lemma dist_le_path_length:
  fixes p :: "nat \<Rightarrow> 'a::metric_space"
  shows "dist (p 0) (p (Suc n)) \<le> (\<Sum>i\<le>n. dist (p i) (p (Suc i)))"
proof (induction n)
  case (Suc n)
  then show ?case
    using dist_triangle[of "p 0" "p (Suc (Suc n))" "p (Suc n)"] by simp
qed simp

lemma molecule_path_decomposition:
  assumes "p 0 = x" "p (Suc n) = y"
  shows "molecule b x y =
    (\<lambda>f. \<Sum>i\<le>n. (dist (p i) (p (Suc i)) / dist x y) * molecule b (p i) (p (Suc i)) f)"
proof
  fix f
  show "molecule b x y f = (\<Sum>i\<le>n. (dist (p i) (p (Suc i)) / dist x y) * molecule b (p i) (p (Suc i)) f)"
  proof (cases "f \<in> Lip0 b")
    case False
    then show ?thesis by (simp add: molecule_def delta_def)
  next
    case True
    have "dist (p i) (p (Suc i)) * molecule b (p i) (p (Suc i)) f = f (p i) - f (p (Suc i))" for i
      using True by (cases "p i = p (Suc i)") (simp_all add: molecule_def delta_def)
    then have "(\<Sum>i\<le>n. (dist (p i) (p (Suc i)) / dist x y) * molecule b (p i) (p (Suc i)) f)
        = (\<Sum>i\<le>n. f (p i) - f (p (Suc i))) / dist x y"
      by (simp add: sum_divide_distrib)
    also have "\<dots> = molecule b x y f"
      using True assms sum_telescope[of "\<lambda>i. f (p i)" n] by (simp add: molecule_def delta_def)
    finally show ?thesis ..
  qed
qed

——————

▶ [ACTIVITY]
Exactly as written, give again every line from the one containing "using True by" through the last line of the material above, and no other lines.

▶ [RESPONSE BELOW]
      using True by (cases "p i = p (Suc i)") (simp_all add: molecule_def delta_def)
    then have "(\<Sum>i\<le>n. (dist (p i) (p (Suc i)) / dist x y) * molecule b (p i) (p (Suc i)) f)
        = (\<Sum>i\<le>n. f (p i) - f (p (Suc i))) / dist x y"
      by (simp add: sum_divide_distrib)
    also have "\<dots> = molecule b x y f"
      using True assms sum_telescope[of "\<lambda>i. f (p i)" n] by (simp add: molecule_def delta_def)
    finally show ?thesis ..
  qed
qed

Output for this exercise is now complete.